* **Task**: Among the entries below, find the line with "interpretation cvs: finite_dimensional_vector_space", then quote it and each following line up to and including the line with "by (auto simp: finite_dimensional_vector_space_def", and nothing else.

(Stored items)

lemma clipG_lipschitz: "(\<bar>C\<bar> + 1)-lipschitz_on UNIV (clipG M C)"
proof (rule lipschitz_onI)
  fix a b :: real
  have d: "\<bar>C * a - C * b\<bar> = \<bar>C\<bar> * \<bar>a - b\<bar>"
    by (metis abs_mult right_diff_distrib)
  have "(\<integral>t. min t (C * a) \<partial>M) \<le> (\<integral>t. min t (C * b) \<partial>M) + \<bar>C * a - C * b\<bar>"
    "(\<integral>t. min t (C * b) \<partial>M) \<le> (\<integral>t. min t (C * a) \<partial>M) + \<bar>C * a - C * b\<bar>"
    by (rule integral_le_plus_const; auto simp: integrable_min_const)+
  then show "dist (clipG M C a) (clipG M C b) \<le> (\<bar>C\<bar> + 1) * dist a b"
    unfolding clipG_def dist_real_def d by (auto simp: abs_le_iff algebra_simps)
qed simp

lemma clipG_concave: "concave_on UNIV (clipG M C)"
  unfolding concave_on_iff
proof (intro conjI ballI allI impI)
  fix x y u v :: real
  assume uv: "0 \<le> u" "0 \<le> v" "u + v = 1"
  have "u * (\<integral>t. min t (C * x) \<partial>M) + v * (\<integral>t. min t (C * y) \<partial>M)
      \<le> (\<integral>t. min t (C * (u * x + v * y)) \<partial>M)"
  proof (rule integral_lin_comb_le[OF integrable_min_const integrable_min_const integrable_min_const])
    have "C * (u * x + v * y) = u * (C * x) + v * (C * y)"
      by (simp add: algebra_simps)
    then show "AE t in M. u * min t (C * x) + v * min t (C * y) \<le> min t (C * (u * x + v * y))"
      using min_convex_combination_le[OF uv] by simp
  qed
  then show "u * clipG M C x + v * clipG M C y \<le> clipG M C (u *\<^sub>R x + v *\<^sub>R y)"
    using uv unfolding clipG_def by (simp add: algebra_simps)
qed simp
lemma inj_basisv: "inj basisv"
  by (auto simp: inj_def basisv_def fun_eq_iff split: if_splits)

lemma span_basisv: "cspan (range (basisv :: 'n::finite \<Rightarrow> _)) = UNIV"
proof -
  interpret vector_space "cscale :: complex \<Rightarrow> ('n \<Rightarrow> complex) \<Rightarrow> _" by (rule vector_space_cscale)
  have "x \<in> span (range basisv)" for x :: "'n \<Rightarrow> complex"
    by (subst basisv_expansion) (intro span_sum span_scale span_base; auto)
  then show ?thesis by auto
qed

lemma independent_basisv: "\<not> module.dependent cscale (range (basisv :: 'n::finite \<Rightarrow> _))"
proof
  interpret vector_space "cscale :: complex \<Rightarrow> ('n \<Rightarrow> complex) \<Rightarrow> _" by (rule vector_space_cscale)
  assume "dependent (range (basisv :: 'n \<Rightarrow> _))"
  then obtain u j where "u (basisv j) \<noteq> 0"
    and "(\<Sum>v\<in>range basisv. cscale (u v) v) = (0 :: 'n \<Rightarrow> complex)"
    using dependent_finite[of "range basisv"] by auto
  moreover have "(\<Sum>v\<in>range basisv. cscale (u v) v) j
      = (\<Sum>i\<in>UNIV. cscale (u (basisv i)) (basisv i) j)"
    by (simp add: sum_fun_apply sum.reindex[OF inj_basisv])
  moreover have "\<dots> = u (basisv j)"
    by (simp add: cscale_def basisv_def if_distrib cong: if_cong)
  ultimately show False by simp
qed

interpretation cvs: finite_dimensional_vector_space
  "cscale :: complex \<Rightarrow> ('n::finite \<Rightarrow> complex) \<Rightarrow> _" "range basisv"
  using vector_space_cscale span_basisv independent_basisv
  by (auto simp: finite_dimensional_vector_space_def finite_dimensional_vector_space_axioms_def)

---

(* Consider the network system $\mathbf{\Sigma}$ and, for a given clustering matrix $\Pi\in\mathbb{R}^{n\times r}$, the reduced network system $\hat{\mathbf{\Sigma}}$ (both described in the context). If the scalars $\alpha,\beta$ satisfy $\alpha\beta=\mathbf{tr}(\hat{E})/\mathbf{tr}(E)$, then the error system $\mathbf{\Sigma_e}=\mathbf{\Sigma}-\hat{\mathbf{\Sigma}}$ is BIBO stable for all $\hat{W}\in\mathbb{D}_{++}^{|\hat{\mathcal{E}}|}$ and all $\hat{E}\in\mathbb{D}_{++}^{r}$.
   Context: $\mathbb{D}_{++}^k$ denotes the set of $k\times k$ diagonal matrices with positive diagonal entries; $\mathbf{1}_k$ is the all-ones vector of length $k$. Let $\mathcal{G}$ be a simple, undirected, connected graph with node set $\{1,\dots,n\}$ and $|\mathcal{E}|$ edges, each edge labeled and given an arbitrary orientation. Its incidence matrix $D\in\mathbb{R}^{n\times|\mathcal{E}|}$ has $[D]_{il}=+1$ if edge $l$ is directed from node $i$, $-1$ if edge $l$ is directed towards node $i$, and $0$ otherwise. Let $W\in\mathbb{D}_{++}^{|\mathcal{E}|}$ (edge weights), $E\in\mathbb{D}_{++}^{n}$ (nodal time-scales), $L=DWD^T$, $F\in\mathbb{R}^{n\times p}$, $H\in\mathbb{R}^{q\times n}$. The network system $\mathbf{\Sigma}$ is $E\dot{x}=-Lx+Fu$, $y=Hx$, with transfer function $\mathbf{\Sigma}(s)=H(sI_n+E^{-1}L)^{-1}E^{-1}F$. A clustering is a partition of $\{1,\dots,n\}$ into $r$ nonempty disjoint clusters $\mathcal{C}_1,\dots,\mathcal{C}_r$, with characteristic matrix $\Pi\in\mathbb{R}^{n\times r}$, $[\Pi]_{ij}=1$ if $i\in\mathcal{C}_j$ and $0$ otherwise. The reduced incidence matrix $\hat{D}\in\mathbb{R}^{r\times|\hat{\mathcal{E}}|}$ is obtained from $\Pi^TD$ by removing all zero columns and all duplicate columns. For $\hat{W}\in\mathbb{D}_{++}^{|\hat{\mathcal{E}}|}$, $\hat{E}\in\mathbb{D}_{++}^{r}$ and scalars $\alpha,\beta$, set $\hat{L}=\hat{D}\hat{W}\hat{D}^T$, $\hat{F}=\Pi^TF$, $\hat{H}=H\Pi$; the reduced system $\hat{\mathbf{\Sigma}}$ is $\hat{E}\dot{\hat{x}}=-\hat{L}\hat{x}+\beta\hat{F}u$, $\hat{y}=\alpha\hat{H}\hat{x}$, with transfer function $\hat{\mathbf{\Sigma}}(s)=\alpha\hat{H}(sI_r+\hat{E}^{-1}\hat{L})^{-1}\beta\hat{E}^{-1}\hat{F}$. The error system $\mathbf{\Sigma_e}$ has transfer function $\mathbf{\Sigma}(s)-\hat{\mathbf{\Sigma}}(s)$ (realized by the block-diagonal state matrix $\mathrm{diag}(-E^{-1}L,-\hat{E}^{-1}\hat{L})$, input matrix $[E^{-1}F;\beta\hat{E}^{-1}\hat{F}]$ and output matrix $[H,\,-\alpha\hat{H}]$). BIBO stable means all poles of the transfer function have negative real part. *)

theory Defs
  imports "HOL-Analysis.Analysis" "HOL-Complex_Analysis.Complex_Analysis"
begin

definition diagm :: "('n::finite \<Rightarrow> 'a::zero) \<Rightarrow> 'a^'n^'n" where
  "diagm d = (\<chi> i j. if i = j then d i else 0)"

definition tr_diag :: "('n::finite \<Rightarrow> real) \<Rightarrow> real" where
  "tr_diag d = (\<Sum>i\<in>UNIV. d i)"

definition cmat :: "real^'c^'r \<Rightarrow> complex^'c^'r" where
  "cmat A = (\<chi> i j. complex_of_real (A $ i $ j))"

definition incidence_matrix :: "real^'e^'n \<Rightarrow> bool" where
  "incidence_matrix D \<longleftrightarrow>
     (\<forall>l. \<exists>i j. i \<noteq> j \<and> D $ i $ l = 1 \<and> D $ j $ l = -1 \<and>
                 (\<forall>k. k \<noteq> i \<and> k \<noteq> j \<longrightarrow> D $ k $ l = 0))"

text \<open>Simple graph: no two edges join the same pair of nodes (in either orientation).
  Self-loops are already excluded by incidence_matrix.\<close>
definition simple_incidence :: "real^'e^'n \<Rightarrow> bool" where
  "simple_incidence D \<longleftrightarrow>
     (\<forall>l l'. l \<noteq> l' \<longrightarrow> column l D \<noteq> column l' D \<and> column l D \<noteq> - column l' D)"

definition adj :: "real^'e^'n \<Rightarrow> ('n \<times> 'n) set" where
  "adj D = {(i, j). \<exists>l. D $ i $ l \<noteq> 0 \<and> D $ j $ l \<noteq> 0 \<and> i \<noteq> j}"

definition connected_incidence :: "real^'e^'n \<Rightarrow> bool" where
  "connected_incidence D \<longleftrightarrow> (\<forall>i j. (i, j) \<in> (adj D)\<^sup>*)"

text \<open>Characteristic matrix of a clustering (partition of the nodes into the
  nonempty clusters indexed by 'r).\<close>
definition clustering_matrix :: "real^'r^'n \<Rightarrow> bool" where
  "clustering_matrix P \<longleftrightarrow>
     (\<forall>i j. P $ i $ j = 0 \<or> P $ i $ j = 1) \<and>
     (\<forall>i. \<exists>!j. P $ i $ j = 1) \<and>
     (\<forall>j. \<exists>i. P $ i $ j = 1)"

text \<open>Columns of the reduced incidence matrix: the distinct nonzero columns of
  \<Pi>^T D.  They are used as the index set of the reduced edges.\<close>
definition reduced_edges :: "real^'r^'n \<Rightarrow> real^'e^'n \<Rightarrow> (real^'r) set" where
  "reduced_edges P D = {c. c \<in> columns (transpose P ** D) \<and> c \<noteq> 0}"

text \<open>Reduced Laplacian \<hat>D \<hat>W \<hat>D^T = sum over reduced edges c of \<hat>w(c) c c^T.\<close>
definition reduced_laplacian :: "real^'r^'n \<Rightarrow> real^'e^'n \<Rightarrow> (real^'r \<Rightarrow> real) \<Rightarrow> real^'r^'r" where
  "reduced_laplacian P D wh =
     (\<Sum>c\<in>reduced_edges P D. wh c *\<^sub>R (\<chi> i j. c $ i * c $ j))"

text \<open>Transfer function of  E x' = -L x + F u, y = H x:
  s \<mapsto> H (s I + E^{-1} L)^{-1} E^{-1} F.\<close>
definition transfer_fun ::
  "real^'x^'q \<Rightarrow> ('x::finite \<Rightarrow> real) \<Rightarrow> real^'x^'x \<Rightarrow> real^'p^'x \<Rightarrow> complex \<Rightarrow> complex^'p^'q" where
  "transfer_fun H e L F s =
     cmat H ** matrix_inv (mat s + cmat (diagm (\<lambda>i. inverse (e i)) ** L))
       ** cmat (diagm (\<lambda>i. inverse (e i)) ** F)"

* **Task output**:
interpretation cvs: finite_dimensional_vector_space
  "cscale :: complex \<Rightarrow> ('n::finite \<Rightarrow> complex) \<Rightarrow> _" "range basisv"
  using vector_space_cscale span_basisv independent_basisv
  by (auto simp: finite_dimensional_vector_space_def finite_dimensional_vector_space_axioms_def)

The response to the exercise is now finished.